El señor Almagro se equivoca; no hay rastro de imbecilidad en las cosas que dice Rodríguez Zapatero
sobre Venezuela; sí, en cambio, de enajenación ideológica, una distorsión radical de unos hechos
por otros, que convierten a los demagogos semianalfabetos que provocaron el empobrecimiento y
la ruina más catastrófica de un país en toda la historia de América Latina, en meras víctimas del
“imperialismo norteamericano”. Éste sería el causante de que el país potencialmente más rico de
América Latina, y acaso del mundo, sea en nuestros días una sociedad miserable y paupérrima, sin
comida, sin medicinas, sin divisas, salvo para la muy pequeña minoría de ladrones desaforados que,
mientras la inmensa mayoría se empobrecía, se llenaba de riquezas y las sacaban al extranjero.

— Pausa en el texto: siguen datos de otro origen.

(* Let $G=M_{27}=\langle a,b\mid a^{9}=b^3=e,\ b^{-1}ab=a^{4}\rangle$ and let $\mathcal{A}$ be the $S$-ring over $G$ with basic sets $Z_0=\{e\}$, $Z_1=\{a^3b,\ a^6b^2\}$, $Z_2=\{a,\ a^3,\ a^6,\ a^8,\ a^4b^2,\ a^7b,\ a^8b,\ a^8b^2\}$, $Z_3=G\setminus(Z_0\cup Z_1\cup Z_2)$. Then $\mathcal{A}$ is not schurian.
   Context: For $X\subseteq G$, $\underline{X}=\sum_{x\in X}x\in\mathbb{Z}G$. A subring $\mathcal{A}$ of $\mathbb{Z}G$ is an $S$-ring over $G$ with basic sets forming a partition $\mathcal{S}(\mathcal{A})$ of $G$ if $\{e\}\in\mathcal{S}(\mathcal{A})$, $X\in\mathcal{S}(\mathcal{A})\Rightarrow X^{-1}\in\mathcal{S}(\mathcal{A})$, and $\mathcal{A}=\mathrm{Span}_{\mathbb{Z}}\{\underline{X}: X\in\mathcal{S}(\mathcal{A})\}$ (the span of $\underline{Z_0},\dots,\underline{Z_3}$ is indeed closed under multiplication). Let $G_{right}=\{x\mapsto xg: g\in G\}$. An $S$-ring $\mathcal{A}$ over $G$ is schurian if there is a permutation group $\Gamma$ with $G_{right}\leq\Gamma\leq\mathrm{Sym}(G)$ such that the basic sets of $\mathcal{A}$ are exactly the orbits on $G$ of the stabilizer $\Gamma_e$ of $e$ in $\Gamma$. *)

theory Defs
  imports "HOL-Algebra.Bij"
begin

text \<open>The element a^i b^j (0 <= i < 9, 0 <= j < 3) is encoded as the pair (i, j).
  From b^-1 a b = a^4 one gets b a b^-1 = a^7, hence b^j a^k = a^(k*7^j) b^j and
  (a^i b^j)(a^k b^l) = a^(i + k*7^j) b^(j+l).\<close>

definition M27 :: "(nat \<times> nat) set" where
  "M27 = {0..<9} \<times> {0..<3}"

fun M27_mult :: "nat \<times> nat \<Rightarrow> nat \<times> nat \<Rightarrow> nat \<times> nat" where
  "M27_mult (i, j) (k, l) = ((i + k * 7 ^ j) mod 9, (j + l) mod 3)"

definition M27_one :: "nat \<times> nat" where
  "M27_one = (0, 0)"

definition schurian :: "'a set \<Rightarrow> ('a \<Rightarrow> 'a \<Rightarrow> 'a) \<Rightarrow> 'a \<Rightarrow> 'a set set \<Rightarrow> bool" where
  "schurian G mul e S \<longleftrightarrow>
     (\<exists>\<Gamma>. subgroup \<Gamma> (BijGroup G) \<and>
          (\<forall>g\<in>G. (\<lambda>x\<in>G. mul x g) \<in> \<Gamma>) \<and>
          {{\<gamma> x | \<gamma>. \<gamma> \<in> \<Gamma> \<and> \<gamma> e = e} | x. x \<in> G} = S)"

definition Z0 :: "(nat \<times> nat) set" where "Z0 = {(0,0)}"
definition Z1 :: "(nat \<times> nat) set" where "Z1 = {(3,1), (6,2)}"
definition Z2 :: "(nat \<times> nat) set" where
  "Z2 = {(1,0), (3,0), (6,0), (8,0), (4,2), (7,1), (8,1), (8,2)}"
definition Z3 :: "(nat \<times> nat) set" where "Z3 = M27 - (Z0 \<union> Z1 \<union> Z2)"

end

theory Submission
  imports Defs
begin

text \<open>Let Gamma witness schurity. Conjugating any gamma in Gamma by right translations gives
  an element of the stabilizer Gamma_e mapping v u^-1 to gamma(v) gamma(u)^-1, so every element
  of Gamma preserves the colouring (u, v) |-> (basic set containing v u^-1); moreover Gamma_e is
  transitive on each basic set. As a and a^3 both lie in Z2, some colour-preserving permutation
  fixes e and sends a to a^3. In M27 the colours relative to the points already placed force
  a^8b^2 |-> a^6, then ab |-> b^2 or ab |-> a^6b, then the image of a^2b, after which no point
  has the colours required of the image of a^3.\<close>

lemma subgroup_BijGroup_Bij:
  "subgroup \<Gamma> (BijGroup S) \<Longrightarrow> \<gamma> \<in> \<Gamma> \<Longrightarrow> \<gamma> \<in> Bij S"
  using subgroup.mem_carrier[of \<Gamma> "BijGroup S" \<gamma>] by (simp add: BijGroup_def)

lemma subgroup_BijGroup_funcset:
  "subgroup \<Gamma> (BijGroup S) \<Longrightarrow> \<gamma> \<in> \<Gamma> \<Longrightarrow> \<gamma> \<in> S \<rightarrow> S"
  by (rule Bij_imp_funcset) (rule subgroup_BijGroup_Bij)

lemma subgroup_BijGroup_id:
  "subgroup \<Gamma> (BijGroup S) \<Longrightarrow> (\<lambda>x\<in>S. x) \<in> \<Gamma>"
  using subgroup.one_closed[of \<Gamma> "BijGroup S"] by (simp add: BijGroup_def)

lemma subgroup_BijGroup_compose:
  assumes "subgroup \<Gamma> (BijGroup S)" "f \<in> \<Gamma>" "g \<in> \<Gamma>"
  shows "compose S f g \<in> \<Gamma>"
  using subgroup.m_closed[OF assms] subgroup_BijGroup_Bij[OF assms(1)] assms(2,3)
  by (simp add: BijGroup_def)

lemma subgroup_BijGroup_inv:
  assumes "subgroup \<Gamma> (BijGroup S)" "f \<in> \<Gamma>"
  shows "(\<lambda>x\<in>S. inv_into S f x) \<in> \<Gamma>"
  using subgroup.m_inv_closed[OF assms] inv_BijGroup[OF subgroup_BijGroup_Bij[OF assms]]
  by simp

lemma (in group) right_translations_conjugate_into_stabilizer:
  assumes \<Gamma>: "subgroup \<Gamma> (BijGroup (carrier G))"
    and right: "\<forall>g\<in>carrier G. (\<lambda>x\<in>carrier G. x \<otimes> g) \<in> \<Gamma>"
    and \<gamma>: "\<gamma> \<in> \<Gamma>" and u: "u \<in> carrier G" and v: "v \<in> carrier G"
  shows "\<exists>\<psi>\<in>\<Gamma>. \<psi> \<one> = \<one> \<and> \<psi> (v \<otimes> inv u) = \<gamma> v \<otimes> inv (\<gamma> u)"
proof -
  have \<gamma>u: "\<gamma> u \<in> carrier G" and \<gamma>v: "\<gamma> v \<in> carrier G"
    using subgroup_BijGroup_funcset[OF \<Gamma> \<gamma>] u v by auto
  define \<psi> where "\<psi> = compose (carrier G) (\<lambda>x\<in>carrier G. x \<otimes> inv (\<gamma> u))
    (compose (carrier G) \<gamma> (\<lambda>x\<in>carrier G. x \<otimes> u))"
  have "\<psi> \<in> \<Gamma>"
    unfolding \<psi>_def using right \<gamma> u \<gamma>u
    by (intro subgroup_BijGroup_compose[OF \<Gamma>]) auto
  moreover have "\<psi> \<one> = \<one>"
    using u \<gamma>u by (simp add: \<psi>_def compose_def)
  moreover have "\<psi> (v \<otimes> inv u) = \<gamma> v \<otimes> inv (\<gamma> u)"
    using u v \<gamma>u \<gamma>v by (simp add: \<psi>_def compose_def m_assoc)
  ultimately show ?thesis by blast
qed

lemma (in group) schurian_basic_set_transitive:
  assumes "schurian (carrier G) (\<otimes>) \<one> S" and "X \<in> S" "x \<in> X" "y \<in> X"
  obtains \<delta> where "\<delta> \<in> carrier G \<rightarrow> carrier G" "\<delta> \<one> = \<one>" "\<delta> x = y"
    and "\<And>u v. u \<in> carrier G \<Longrightarrow> v \<in> carrier G \<Longrightarrow>
           \<exists>Y\<in>S. v \<otimes> inv u \<in> Y \<and> \<delta> v \<otimes> inv (\<delta> u) \<in> Y"
proof -
  obtain \<Gamma> where \<Gamma>: "subgroup \<Gamma> (BijGroup (carrier G))"
    and right: "\<forall>g\<in>carrier G. (\<lambda>x\<in>carrier G. x \<otimes> g) \<in> \<Gamma>"
    and S: "S = {{\<gamma> w | \<gamma>. \<gamma> \<in> \<Gamma> \<and> \<gamma> \<one> = \<one>} | w. w \<in> carrier G}"
    using assms(1) unfolding schurian_def by blast
  define orbit where "orbit w = {\<gamma> w | \<gamma>. \<gamma> \<in> \<Gamma> \<and> \<gamma> \<one> = \<one>}" for w
  have S_orbits: "S = orbit ` carrier G"
    unfolding S orbit_def by blast
  obtain w where w: "w \<in> carrier G" and X: "X = orbit w"
    using assms(2) S_orbits by blast
  obtain \<gamma>\<^sub>1 \<gamma>\<^sub>2 where \<gamma>\<^sub>1: "\<gamma>\<^sub>1 \<in> \<Gamma>" "\<gamma>\<^sub>1 \<one> = \<one>" "x = \<gamma>\<^sub>1 w"
    and \<gamma>\<^sub>2: "\<gamma>\<^sub>2 \<in> \<Gamma>" "\<gamma>\<^sub>2 \<one> = \<one>" "y = \<gamma>\<^sub>2 w"
    using assms(3,4) unfolding X orbit_def by blast
  have inj: "inj_on \<gamma>\<^sub>1 (carrier G)"
    using subgroup_BijGroup_Bij[OF \<Gamma> \<gamma>\<^sub>1(1)] by (simp add: Bij_def bij_betw_def)
  define \<delta> where "\<delta> = compose (carrier G) \<gamma>\<^sub>2 (\<lambda>z\<in>carrier G. inv_into (carrier G) \<gamma>\<^sub>1 z)"
  have \<delta>\<Gamma>: "\<delta> \<in> \<Gamma>"
    unfolding \<delta>_def using \<gamma>\<^sub>1(1) \<gamma>\<^sub>2(1)
    by (intro subgroup_BijGroup_compose[OF \<Gamma>] subgroup_BijGroup_inv[OF \<Gamma>])
  show thesis
  proof
    show "\<delta> \<in> carrier G \<rightarrow> carrier G" by (rule subgroup_BijGroup_funcset[OF \<Gamma> \<delta>\<Gamma>])
    show "\<delta> \<one> = \<one>"
      using inv_into_f_f[OF inj, of \<one>] \<gamma>\<^sub>1(2) \<gamma>\<^sub>2(2) by (simp add: \<delta>_def compose_def)
    have "\<gamma>\<^sub>1 w \<in> carrier G" using subgroup_BijGroup_funcset[OF \<Gamma> \<gamma>\<^sub>1(1)] w by auto
    then show "\<delta> x = y"
      using inv_into_f_f[OF inj w] \<gamma>\<^sub>1(3) \<gamma>\<^sub>2(3) by (simp add: \<delta>_def compose_def)
  next
    fix u v assume u: "u \<in> carrier G" and v: "v \<in> carrier G"
    obtain \<psi> where "\<psi> \<in> \<Gamma>" "\<psi> \<one> = \<one>" "\<psi> (v \<otimes> inv u) = \<delta> v \<otimes> inv (\<delta> u)"
      using right_translations_conjugate_into_stabilizer[OF \<Gamma> right \<delta>\<Gamma> u v] by blast
    then have "\<delta> v \<otimes> inv (\<delta> u) \<in> orbit (v \<otimes> inv u)"
      unfolding orbit_def by (intro CollectI exI[of _ \<psi>]) simp
    moreover have "v \<otimes> inv u \<in> orbit (v \<otimes> inv u)"
      unfolding orbit_def using subgroup_BijGroup_id[OF \<Gamma>] u v
      by (intro CollectI exI[of _ "\<lambda>x\<in>carrier G. x"]) simp
    moreover have "orbit (v \<otimes> inv u) \<in> S"
      unfolding S_orbits using u v by simp
    ultimately show "\<exists>Y\<in>S. v \<otimes> inv u \<in> Y \<and> \<delta> v \<otimes> inv (\<delta> u) \<in> Y" by blast
  qed
qed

(Aconsejo a mis lectores a este respecto la muy seria investigación publicada en El País, de España,
el 10 de septiembre de 2018, con el título de El opulento desembarco en España de los millonarios
venezolanos).
El señor Rodríguez Zapatero desempeñó ya un triste papel, como persona supuestamente neutral,
en el diálogo entre el gobierno de Maduro y la oposición, que tuvo lugar en la República Dominicana,
y en el que trató de que las fuerzas políticas opositoras participaran en unas elecciones para
legitimarlas, pese a que, como era obvio para todo el mundo, estaban amañadas de antemano por
un gobierno que tiene ahora, por lo menos, a tres cuartas partes del país en contra suya. ¿Por qué
han huido de Venezuela si no esos dos millones y medio de venezolanos, según cifras de la ONU? La
insensibilidad y la ceguera que produce el fanatismo político impiden al exgobernante español
conmoverse con esas miles de madres que, caminando cientos de kilómetros, van a parir a
Colombia, Brasil y el Perú, porque en los hospitales venezolanos ya no hay ni siquiera agua -no se
diga medicinas- para atenderlas. ¿Por qué tiene Venezuela la más alta inflación del mundo? ¿Por
qué es el país que también ha batido todos los récords de criminalidad? El mismo día que el
expresidente Zapatero presentaba a Venezuela como una pobre víctima del imperialismo
norteamericano, otro organismo de las Naciones Unidas acusaba al Gobierno venezolano de
practicar la tortura sistemática a los prisioneros políticos y llevar a cabo cientos de ejecuciones
extrajudiciales. ¿Es igualmente todo eso obra de la villanía de los Estados Unidos?
En España José Luis Rodríguez Zapatero era socialista y aunque su gobierno no fue nada exitoso –su
empeño en negar la crisis durante un año impidió que se tomaran los correctivos necesarios y sólo
se adoptaran de manera tardía y con un costo social mayor–, respetó las libertades públicas y las
instituciones democráticas. ¿Cómo es que, en América Latina, defiende a un régimen comunista que
es ya una segunda Cuba? Porque, al igual que sus muy remotos ancestros, anda buscando allá, en
tierras americanas, el Dorado o las Siete Ciudades de Cíbola, desvaríos que la Europa de nuestros
días, de países democráticos empeñados en la ambiciosa política de la integración, ya no permite.
Ellos son igualmente anacrónicos en la América Latina contemporánea. En ella han desaparecido los
regímenes militares que hicieron tanto daño y causaron tantas injusticias y sufrimientos. Y han
desaparecido también las románticas guerrillas que, en vez de traer la justicia, sirvieron para
justificar a los regímenes castrenses e impidieron a las frágiles democracias asentarse y progresar.
Hoy en día hay democracias (imperfectas, por supuesto) en casi todo el continente y las anomalías
son, precisamente, Cuba, Venezuela y Nicaragua, con sus gobiernos totalitarios, que han pulverizado
todas las libertades y contra los que la resistencia significa arriesgarse a la tortura y la muerte. Las
fantasías ideológicas son en nuestros días tan írritas y mentirosas en América Latina como en la
Europa donde nacieron y desaparecieron hace ya mucho tiempo.